Print, exactly and completely, the data that appears below.
◆ ◆ ◆ ◆ ◆
lemma norm_triangle_diff: assumes x: "x \<in> carrier_vec k" and y: "y \<in> carrier_vec k"
  shows "rnorm (x - y) \<le> rnorm x + rnorm y"
proof -
  have "x - y = x + (-1) \<cdot>\<^sub>v y" using x y by auto
  thus ?thesis using norm_triangle[OF x, of "(-1) \<cdot>\<^sub>v y"] norm_scale[OF y, of "-1"] y by simp
qed

lemma norm_le_iff: assumes r: "0 \<le> r"
  shows "rnorm x \<le> r * rnorm y \<longleftrightarrow> rinner x x \<le> r\<^sup>2 * rinner y y"
proof -
  have "rnorm x \<le> r * rnorm y \<longleftrightarrow> (rnorm x)\<^sup>2 \<le> (r * rnorm y)\<^sup>2"
    using r norm_nonneg[of x] norm_nonneg[of y]
    by (metis mult_nonneg_nonneg power2_le_imp_le power_mono)
  thus ?thesis by (simp add: norm_square power_mult_distrib)
qed

text \<open>Polarization: compare the quadratic form of \<open>X\<close> at \<open>x + y\<close> and \<open>x - y\<close>, where \<open>y = X x / h\<close>.\<close>
lemma self_adjoint_norm_bound:
  assumes h: "0 < h"
    and X_carrier: "\<And>x. x \<in> carrier_vec k \<Longrightarrow> X x \<in> carrier_vec k"
    and X_add: "\<And>x y. x \<in> carrier_vec k \<Longrightarrow> y \<in> carrier_vec k \<Longrightarrow> X (x + y) = X x + X y"
    and X_diff: "\<And>x y. x \<in> carrier_vec k \<Longrightarrow> y \<in> carrier_vec k \<Longrightarrow> X (x - y) = X x - X y"
    and X_self_adjoint: "\<And>x y. x \<in> carrier_vec k \<Longrightarrow> y \<in> carrier_vec k \<Longrightarrow> rinner (X x) y = rinner x (X y)"
    and X_range: "\<And>x. x \<in> carrier_vec k \<Longrightarrow> \<bar>rinner (X x) x\<bar> \<le> h * rinner x x"
    and x: "x \<in> carrier_vec k"
  shows "rinner (X x) (X x) \<le> h\<^sup>2 * rinner x x"
proof -
  define y where "y = (1 / h) \<cdot>\<^sub>v X x"
  have y: "y \<in> carrier_vec k" and Xx: "X x \<in> carrier_vec k"
    unfolding y_def using X_carrier[OF x] by auto
  have Xy: "X y \<in> carrier_vec k" using X_carrier[OF y] .
  define a e where "a = rinner x x" and "e = rinner (X x) (X x)"
  have cross: "rinner (X y) x = rinner (X x) y" using X_self_adjoint[OF y x] inner_commute[OF y Xx] by simp
  have plus: "rinner (X (x + y)) (x + y) = rinner (X x) x + 2 * rinner (X x) y + rinner (X y) y"
    using x y Xx Xy cross by (simp add: X_add inner_simps)
  have minus: "rinner (X (x - y)) (x - y) = rinner (X x) x - 2 * rinner (X x) y + rinner (X y) y"
    using x y Xx Xy cross by (simp add: X_diff inner_simps)
  have parallelogram: "rinner (x + y) (x + y) + rinner (x - y) (x - y) = 2 * a + 2 * rinner y y"
    using x y unfolding a_def by (simp add: inner_simps inner_commute[of y x])
  have "4 * rinner (X x) y \<le> h * (rinner (x + y) (x + y) + rinner (x - y) (x - y))"
    using X_range[of "x + y"] X_range[of "x - y"] x y plus minus
    by (simp add: abs_le_iff distrib_left)
  also have "\<dots> = 2 * h * a + 2 * h * rinner y y"
    unfolding parallelogram by (simp add: algebra_simps)
  finally have "4 * rinner (X x) y \<le> 2 * h * a + 2 * h * rinner y y" .
  moreover have "rinner (X x) y = e / h" and "h * rinner y y = e / h"
    unfolding y_def e_def using Xx h by (simp_all add: inner_simps power2_eq_square)
  ultimately have "e / h \<le> h * a" by simp
  thus ?thesis using h unfolding e_def a_def by (simp add: power2_eq_square field_simps)
qed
◆ ◆ ◆ ◆ ◆
### YOUR RESPONSE
lemma norm_triangle_diff: assumes x: "x \<in> carrier_vec k" and y: "y \<in> carrier_vec k"
  shows "rnorm (x - y) \<le> rnorm x + rnorm y"
proof -
  have "x - y = x + (-1) \<cdot>\<^sub>v y" using x y by auto
  thus ?thesis using norm_triangle[OF x, of "(-1) \<cdot>\<^sub>v y"] norm_scale[OF y, of "-1"] y by simp
qed

lemma norm_le_iff: assumes r: "0 \<le> r"
  shows "rnorm x \<le> r * rnorm y \<longleftrightarrow> rinner x x \<le> r\<^sup>2 * rinner y y"
proof -
  have "rnorm x \<le> r * rnorm y \<longleftrightarrow> (rnorm x)\<^sup>2 \<le> (r * rnorm y)\<^sup>2"
    using r norm_nonneg[of x] norm_nonneg[of y]
    by (metis mult_nonneg_nonneg power2_le_imp_le power_mono)
  thus ?thesis by (simp add: norm_square power_mult_distrib)
qed

text \<open>Polarization: compare the quadratic form of \<open>X\<close> at \<open>x + y\<close> and \<open>x - y\<close>, where \<open>y = X x / h\<close>.\<close>
lemma self_adjoint_norm_bound:
  assumes h: "0 < h"
    and X_carrier: "\<And>x. x \<in> carrier_vec k \<Longrightarrow> X x \<in> carrier_vec k"
    and X_add: "\<And>x y. x \<in> carrier_vec k \<Longrightarrow> y \<in> carrier_vec k \<Longrightarrow> X (x + y) = X x + X y"
    and X_diff: "\<And>x y. x \<in> carrier_vec k \<Longrightarrow> y \<in> carrier_vec k \<Longrightarrow> X (x - y) = X x - X y"
    and X_self_adjoint: "\<And>x y. x \<in> carrier_vec k \<Longrightarrow> y \<in> carrier_vec k \<Longrightarrow> rinner (X x) y = rinner x (X y)"
    and X_range: "\<And>x. x \<in> carrier_vec k \<Longrightarrow> \<bar>rinner (X x) x\<bar> \<le> h * rinner x x"
    and x: "x \<in> carrier_vec k"
  shows "rinner (X x) (X x) \<le> h\<^sup>2 * rinner x x"
proof -
  define y where "y = (1 / h) \<cdot>\<^sub>v X x"
  have y: "y \<in> carrier_vec k" and Xx: "X x \<in> carrier_vec k"
    unfolding y_def using X_carrier[OF x] by auto
  have Xy: "X y \<in> carrier_vec k" using X_carrier[OF y] .
  define a e where "a = rinner x x" and "e = rinner (X x) (X x)"
  have cross: "rinner (X y) x = rinner (X x) y" using X_self_adjoint[OF y x] inner_commute[OF y Xx] by simp
  have plus: "rinner (X (x + y)) (x + y) = rinner (X x) x + 2 * rinner (X x) y + rinner (X y) y"
    using x y Xx Xy cross by (simp add: X_add inner_simps)
  have minus: "rinner (X (x - y)) (x - y) = rinner (X x) x - 2 * rinner (X x) y + rinner (X y) y"
    using x y Xx Xy cross by (simp add: X_diff inner_simps)
  have parallelogram: "rinner (x + y) (x + y) + rinner (x - y) (x - y) = 2 * a + 2 * rinner y y"
    using x y unfolding a_def by (simp add: inner_simps inner_commute[of y x])
  have "4 * rinner (X x) y \<le> h * (rinner (x + y) (x + y) + rinner (x - y) (x - y))"
    using X_range[of "x + y"] X_range[of "x - y"] x y plus minus
    by (simp add: abs_le_iff distrib_left)
  also have "\<dots> = 2 * h * a + 2 * h * rinner y y"
    unfolding parallelogram by (simp add: algebra_simps)
  finally have "4 * rinner (X x) y \<le> 2 * h * a + 2 * h * rinner y y" .
  moreover have "rinner (X x) y = e / h" and "h * rinner y y = e / h"
    unfolding y_def e_def using Xx h by (simp_all add: inner_simps power2_eq_square)
  ultimately have "e / h \<le> h * a" by simp
  thus ?thesis using h unfolding e_def a_def by (simp add: power2_eq_square field_simps)
qed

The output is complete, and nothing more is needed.